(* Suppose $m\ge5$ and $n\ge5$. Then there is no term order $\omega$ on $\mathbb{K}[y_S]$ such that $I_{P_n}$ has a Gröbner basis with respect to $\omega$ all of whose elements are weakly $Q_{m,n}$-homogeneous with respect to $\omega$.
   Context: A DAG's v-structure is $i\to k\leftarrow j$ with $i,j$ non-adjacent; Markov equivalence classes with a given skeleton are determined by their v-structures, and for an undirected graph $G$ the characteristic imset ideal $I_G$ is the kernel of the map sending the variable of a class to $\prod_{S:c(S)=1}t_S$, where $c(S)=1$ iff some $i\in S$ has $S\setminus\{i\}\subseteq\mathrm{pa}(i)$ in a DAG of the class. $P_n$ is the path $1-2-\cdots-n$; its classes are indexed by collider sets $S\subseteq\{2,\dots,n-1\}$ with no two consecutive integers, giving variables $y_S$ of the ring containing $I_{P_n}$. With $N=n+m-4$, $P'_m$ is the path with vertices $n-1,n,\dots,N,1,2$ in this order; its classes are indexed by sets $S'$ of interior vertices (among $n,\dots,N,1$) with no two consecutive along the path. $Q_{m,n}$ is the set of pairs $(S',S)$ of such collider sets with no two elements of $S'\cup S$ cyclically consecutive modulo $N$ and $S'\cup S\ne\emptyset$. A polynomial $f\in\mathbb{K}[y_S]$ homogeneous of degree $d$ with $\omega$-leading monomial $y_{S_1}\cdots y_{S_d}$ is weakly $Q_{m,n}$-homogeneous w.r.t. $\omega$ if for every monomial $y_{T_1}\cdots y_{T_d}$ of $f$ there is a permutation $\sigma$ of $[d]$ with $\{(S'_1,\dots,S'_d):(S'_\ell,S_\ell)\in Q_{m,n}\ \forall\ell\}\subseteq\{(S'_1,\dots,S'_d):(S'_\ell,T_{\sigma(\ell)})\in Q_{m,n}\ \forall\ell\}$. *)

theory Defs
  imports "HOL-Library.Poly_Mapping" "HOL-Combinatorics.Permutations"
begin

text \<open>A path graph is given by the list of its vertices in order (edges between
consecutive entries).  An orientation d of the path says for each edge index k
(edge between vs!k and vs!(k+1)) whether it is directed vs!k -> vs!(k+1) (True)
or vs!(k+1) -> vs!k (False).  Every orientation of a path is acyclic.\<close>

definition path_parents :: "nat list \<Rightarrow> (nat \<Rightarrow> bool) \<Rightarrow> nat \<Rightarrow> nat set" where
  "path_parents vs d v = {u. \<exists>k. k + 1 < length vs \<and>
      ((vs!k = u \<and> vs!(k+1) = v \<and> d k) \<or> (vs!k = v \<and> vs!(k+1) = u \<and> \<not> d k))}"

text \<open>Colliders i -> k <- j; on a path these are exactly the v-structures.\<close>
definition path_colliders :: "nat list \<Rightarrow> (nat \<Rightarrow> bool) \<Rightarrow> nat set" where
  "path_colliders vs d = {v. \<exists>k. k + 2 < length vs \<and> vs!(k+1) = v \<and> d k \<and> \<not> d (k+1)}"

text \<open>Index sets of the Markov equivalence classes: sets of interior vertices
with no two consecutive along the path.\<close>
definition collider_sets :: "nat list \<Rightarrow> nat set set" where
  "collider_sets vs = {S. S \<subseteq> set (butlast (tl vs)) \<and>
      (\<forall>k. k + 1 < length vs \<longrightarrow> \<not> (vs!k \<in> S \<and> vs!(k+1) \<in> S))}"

☆ ☆ ☆

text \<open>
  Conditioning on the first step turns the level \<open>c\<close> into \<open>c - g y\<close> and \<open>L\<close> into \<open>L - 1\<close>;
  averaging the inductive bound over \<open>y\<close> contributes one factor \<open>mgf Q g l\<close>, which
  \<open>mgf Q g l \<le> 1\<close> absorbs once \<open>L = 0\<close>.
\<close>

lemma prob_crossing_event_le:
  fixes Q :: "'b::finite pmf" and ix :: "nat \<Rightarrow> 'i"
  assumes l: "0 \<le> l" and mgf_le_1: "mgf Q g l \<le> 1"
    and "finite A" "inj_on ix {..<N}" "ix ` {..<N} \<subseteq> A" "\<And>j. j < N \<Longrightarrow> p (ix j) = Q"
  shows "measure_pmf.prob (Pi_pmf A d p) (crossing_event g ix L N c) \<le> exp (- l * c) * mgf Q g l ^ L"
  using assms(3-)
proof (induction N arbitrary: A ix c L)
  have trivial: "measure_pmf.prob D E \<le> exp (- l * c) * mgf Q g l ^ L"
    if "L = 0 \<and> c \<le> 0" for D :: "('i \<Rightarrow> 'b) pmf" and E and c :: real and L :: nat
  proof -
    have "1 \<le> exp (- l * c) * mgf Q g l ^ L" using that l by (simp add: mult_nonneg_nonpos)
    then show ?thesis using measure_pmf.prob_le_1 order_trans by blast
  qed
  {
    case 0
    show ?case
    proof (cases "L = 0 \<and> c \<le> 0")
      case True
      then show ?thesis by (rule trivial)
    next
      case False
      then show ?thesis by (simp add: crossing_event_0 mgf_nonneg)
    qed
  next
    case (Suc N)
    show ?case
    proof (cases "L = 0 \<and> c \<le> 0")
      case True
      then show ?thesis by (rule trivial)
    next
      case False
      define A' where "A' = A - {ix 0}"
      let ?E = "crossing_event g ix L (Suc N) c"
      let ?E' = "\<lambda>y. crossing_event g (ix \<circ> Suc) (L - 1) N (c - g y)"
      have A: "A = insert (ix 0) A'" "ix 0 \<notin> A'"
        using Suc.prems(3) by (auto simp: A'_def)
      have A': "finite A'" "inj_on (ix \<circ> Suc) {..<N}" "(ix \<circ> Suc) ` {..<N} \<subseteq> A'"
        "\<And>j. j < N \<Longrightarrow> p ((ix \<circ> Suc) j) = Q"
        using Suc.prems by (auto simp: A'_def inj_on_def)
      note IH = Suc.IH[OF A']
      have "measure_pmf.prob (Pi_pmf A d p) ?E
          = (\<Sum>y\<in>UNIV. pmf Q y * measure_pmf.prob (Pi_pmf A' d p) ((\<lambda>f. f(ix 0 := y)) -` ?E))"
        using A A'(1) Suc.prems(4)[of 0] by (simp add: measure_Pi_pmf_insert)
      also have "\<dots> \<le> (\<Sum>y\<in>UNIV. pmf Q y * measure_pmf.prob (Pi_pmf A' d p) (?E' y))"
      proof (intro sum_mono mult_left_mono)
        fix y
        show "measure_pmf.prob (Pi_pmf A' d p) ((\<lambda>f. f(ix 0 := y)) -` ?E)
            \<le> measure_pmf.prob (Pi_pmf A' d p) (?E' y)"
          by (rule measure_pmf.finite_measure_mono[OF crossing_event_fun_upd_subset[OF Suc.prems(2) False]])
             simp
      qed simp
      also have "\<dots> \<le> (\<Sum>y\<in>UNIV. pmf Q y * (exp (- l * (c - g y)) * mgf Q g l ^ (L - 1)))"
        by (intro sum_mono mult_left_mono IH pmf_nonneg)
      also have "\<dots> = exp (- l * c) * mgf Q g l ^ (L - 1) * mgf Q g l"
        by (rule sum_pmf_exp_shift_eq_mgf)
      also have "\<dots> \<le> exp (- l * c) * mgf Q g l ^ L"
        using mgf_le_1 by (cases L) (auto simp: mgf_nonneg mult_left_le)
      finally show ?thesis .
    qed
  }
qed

☆ ☆ ☆

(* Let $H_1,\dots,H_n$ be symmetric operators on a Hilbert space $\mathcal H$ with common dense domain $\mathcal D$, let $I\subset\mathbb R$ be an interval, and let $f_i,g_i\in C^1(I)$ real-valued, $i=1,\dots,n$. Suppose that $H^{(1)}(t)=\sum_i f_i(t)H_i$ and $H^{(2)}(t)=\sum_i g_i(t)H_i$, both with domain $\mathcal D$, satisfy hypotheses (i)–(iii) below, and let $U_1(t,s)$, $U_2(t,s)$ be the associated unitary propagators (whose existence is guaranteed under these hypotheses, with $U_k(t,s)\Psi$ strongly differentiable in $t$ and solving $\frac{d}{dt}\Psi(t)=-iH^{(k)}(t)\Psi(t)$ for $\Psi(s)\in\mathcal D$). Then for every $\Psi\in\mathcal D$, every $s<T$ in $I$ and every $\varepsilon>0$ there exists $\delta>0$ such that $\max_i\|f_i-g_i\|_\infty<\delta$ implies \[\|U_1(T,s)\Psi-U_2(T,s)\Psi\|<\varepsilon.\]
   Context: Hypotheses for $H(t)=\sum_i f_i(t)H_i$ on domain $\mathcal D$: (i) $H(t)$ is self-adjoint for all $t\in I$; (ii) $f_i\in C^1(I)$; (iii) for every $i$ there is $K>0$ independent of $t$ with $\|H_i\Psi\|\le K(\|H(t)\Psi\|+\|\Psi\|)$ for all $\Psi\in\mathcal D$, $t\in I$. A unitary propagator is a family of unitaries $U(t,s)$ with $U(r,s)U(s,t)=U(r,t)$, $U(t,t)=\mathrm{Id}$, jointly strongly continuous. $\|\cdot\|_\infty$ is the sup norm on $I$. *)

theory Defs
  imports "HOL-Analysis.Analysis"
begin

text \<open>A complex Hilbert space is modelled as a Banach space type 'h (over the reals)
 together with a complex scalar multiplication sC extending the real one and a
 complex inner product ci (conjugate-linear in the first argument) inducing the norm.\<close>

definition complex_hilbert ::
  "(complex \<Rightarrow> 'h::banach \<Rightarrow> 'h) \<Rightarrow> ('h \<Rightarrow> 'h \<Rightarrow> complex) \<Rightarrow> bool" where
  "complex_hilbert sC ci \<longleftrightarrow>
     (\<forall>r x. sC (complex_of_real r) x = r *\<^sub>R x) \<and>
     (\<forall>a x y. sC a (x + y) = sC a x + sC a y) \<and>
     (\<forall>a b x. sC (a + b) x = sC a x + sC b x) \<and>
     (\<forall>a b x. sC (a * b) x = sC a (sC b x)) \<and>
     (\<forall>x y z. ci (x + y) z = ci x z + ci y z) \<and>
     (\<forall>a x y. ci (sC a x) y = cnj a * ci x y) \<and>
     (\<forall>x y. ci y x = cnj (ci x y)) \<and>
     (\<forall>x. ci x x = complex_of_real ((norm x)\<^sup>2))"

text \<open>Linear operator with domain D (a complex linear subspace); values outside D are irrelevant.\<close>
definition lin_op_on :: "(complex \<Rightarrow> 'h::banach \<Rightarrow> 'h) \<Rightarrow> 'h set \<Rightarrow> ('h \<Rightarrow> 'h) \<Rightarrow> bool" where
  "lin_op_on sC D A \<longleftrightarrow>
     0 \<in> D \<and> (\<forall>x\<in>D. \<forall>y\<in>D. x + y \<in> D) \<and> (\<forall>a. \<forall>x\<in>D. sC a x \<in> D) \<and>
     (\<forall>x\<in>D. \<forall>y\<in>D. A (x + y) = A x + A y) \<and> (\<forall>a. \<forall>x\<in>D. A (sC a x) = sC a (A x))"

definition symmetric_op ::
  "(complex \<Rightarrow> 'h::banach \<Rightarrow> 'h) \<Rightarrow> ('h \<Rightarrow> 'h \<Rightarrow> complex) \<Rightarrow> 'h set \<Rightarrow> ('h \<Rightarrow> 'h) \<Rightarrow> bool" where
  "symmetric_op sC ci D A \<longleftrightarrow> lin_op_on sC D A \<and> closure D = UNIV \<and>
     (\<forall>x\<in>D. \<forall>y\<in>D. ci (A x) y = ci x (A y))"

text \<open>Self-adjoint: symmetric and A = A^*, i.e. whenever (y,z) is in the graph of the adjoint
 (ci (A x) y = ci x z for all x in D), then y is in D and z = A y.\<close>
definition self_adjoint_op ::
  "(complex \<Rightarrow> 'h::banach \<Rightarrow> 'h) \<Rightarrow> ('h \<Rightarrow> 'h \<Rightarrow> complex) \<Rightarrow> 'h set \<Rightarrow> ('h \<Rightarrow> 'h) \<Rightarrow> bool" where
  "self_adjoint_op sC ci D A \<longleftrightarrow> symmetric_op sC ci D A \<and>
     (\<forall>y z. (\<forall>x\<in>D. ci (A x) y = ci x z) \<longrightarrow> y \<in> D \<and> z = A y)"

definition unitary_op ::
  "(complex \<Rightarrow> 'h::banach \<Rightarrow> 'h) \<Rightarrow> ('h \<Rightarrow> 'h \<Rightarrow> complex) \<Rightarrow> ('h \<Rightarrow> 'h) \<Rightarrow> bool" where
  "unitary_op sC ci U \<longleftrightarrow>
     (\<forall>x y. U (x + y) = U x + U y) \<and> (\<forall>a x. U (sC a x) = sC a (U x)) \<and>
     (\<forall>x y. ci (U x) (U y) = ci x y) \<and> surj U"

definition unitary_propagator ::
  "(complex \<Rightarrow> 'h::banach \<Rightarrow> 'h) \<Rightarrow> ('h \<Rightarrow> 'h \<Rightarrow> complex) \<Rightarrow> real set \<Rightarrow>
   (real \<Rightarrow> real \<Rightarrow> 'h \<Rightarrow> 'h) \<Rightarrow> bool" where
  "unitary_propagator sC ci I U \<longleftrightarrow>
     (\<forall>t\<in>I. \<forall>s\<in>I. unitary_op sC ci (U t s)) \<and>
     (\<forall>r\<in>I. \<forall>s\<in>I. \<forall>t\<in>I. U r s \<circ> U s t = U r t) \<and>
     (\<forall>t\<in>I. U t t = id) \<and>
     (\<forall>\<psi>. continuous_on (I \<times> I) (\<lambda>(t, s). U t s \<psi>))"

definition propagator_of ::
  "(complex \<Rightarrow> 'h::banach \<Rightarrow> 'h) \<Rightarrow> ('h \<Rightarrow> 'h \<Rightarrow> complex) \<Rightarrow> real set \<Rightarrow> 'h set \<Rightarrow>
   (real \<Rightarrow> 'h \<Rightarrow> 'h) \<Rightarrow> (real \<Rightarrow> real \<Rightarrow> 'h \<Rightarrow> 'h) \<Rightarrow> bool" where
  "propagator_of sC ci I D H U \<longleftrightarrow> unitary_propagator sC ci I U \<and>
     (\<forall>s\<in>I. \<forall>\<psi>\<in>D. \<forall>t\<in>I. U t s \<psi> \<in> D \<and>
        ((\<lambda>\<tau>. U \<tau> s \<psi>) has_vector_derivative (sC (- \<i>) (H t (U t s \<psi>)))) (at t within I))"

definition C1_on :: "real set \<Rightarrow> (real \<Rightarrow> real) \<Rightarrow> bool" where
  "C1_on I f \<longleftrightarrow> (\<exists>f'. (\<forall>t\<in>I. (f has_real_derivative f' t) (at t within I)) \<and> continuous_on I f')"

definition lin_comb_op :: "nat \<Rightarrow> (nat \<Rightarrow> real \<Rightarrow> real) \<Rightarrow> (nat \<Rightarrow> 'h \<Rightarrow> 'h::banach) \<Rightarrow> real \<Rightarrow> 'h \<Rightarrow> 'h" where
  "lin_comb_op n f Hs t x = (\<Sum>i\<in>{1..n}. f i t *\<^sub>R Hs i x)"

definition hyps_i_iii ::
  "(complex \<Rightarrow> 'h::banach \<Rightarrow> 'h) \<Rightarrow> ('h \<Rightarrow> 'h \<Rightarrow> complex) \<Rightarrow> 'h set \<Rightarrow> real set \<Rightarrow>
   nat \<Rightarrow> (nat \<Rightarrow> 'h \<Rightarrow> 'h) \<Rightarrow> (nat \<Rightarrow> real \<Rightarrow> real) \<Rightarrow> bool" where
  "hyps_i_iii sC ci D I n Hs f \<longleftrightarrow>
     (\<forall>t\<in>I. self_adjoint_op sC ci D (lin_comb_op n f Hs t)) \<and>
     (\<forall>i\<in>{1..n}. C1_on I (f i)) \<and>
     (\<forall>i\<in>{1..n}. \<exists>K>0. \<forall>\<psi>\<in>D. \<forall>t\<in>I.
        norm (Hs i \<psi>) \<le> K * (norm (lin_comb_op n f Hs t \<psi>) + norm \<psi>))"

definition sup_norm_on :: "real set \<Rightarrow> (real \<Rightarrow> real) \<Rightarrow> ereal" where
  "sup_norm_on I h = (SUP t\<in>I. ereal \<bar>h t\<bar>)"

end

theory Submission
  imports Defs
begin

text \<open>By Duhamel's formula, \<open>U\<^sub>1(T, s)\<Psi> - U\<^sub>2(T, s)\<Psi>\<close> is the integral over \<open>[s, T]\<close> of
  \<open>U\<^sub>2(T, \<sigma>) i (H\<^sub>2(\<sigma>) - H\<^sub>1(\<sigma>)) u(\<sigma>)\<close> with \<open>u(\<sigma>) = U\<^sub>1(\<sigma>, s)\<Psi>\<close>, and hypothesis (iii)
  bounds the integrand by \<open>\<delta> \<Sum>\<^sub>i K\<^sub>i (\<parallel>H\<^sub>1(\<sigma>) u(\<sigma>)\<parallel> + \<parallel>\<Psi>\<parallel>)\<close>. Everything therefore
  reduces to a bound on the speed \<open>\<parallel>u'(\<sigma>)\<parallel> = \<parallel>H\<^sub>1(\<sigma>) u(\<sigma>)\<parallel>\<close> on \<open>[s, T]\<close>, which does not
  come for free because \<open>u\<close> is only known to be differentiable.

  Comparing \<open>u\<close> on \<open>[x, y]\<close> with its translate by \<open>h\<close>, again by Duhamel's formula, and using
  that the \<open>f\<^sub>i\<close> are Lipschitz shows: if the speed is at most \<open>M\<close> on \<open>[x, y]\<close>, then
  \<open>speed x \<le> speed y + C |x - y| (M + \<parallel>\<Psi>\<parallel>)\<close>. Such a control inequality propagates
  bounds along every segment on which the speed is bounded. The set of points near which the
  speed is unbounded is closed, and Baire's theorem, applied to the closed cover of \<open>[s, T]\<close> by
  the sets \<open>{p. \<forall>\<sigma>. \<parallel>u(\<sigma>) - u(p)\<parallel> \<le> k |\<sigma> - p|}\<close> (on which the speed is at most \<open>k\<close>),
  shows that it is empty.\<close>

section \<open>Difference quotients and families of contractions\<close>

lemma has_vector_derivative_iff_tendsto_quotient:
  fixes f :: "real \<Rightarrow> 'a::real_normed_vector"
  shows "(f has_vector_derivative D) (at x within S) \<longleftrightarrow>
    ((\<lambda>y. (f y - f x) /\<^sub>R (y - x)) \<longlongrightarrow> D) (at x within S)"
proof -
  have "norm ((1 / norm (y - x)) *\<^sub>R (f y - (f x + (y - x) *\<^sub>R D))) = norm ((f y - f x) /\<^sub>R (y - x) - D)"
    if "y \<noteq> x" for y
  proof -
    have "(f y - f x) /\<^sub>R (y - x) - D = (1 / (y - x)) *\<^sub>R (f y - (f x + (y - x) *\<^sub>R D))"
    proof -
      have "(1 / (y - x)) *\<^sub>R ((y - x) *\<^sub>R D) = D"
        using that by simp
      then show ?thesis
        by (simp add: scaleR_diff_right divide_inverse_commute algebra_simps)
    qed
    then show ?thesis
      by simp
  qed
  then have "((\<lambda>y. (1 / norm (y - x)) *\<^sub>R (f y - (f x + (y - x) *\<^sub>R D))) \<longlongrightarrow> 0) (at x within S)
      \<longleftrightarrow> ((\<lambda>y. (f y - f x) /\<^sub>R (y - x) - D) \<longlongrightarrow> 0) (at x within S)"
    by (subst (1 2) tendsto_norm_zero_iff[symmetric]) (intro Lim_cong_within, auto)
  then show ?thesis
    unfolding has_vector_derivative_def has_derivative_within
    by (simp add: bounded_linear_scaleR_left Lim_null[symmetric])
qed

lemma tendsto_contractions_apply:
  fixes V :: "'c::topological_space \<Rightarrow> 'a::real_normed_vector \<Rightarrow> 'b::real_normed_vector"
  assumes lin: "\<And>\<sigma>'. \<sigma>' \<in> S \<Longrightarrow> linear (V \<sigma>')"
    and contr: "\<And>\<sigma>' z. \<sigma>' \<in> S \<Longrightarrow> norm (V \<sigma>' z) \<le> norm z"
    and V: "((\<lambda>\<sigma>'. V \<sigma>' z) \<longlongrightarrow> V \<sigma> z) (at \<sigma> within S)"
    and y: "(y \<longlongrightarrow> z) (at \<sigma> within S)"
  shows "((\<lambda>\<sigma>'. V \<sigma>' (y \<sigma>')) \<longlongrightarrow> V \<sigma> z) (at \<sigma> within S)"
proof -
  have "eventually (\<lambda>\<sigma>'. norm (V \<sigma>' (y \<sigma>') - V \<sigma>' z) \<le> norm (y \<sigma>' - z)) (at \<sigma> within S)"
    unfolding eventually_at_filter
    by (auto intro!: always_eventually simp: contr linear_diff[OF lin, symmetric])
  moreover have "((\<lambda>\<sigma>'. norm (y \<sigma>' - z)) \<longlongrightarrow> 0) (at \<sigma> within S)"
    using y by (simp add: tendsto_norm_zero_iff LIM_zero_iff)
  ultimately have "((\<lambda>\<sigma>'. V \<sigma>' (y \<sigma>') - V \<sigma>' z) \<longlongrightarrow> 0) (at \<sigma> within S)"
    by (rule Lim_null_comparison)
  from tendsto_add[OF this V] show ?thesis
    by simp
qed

☆ ☆ ☆

Task to carry out
Start with the line above that contains "E \<le> exp" and end with the line that contains "g ix L (Suc". Write out those lines exactly, and only those.

Result
  have trivial: "measure_pmf.prob D E \<le> exp (- l * c) * mgf Q g l ^ L"
    if "L = 0 \<and> c \<le> 0" for D :: "('i \<Rightarrow> 'b) pmf" and E and c :: real and L :: nat
  proof -
    have "1 \<le> exp (- l * c) * mgf Q g l ^ L" using that l by (simp add: mult_nonneg_nonpos)
    then show ?thesis using measure_pmf.prob_le_1 order_trans by blast
  qed
  {
    case 0
    show ?case
    proof (cases "L = 0 \<and> c \<le> 0")
      case True
      then show ?thesis by (rule trivial)
    next
      case False
      then show ?thesis by (simp add: crossing_event_0 mgf_nonneg)
    qed
  next
    case (Suc N)
    show ?case
    proof (cases "L = 0 \<and> c \<le> 0")
      case True
      then show ?thesis by (rule trivial)
    next
      case False
      define A' where "A' = A - {ix 0}"
      let ?E = "crossing_event g ix L (Suc N) c"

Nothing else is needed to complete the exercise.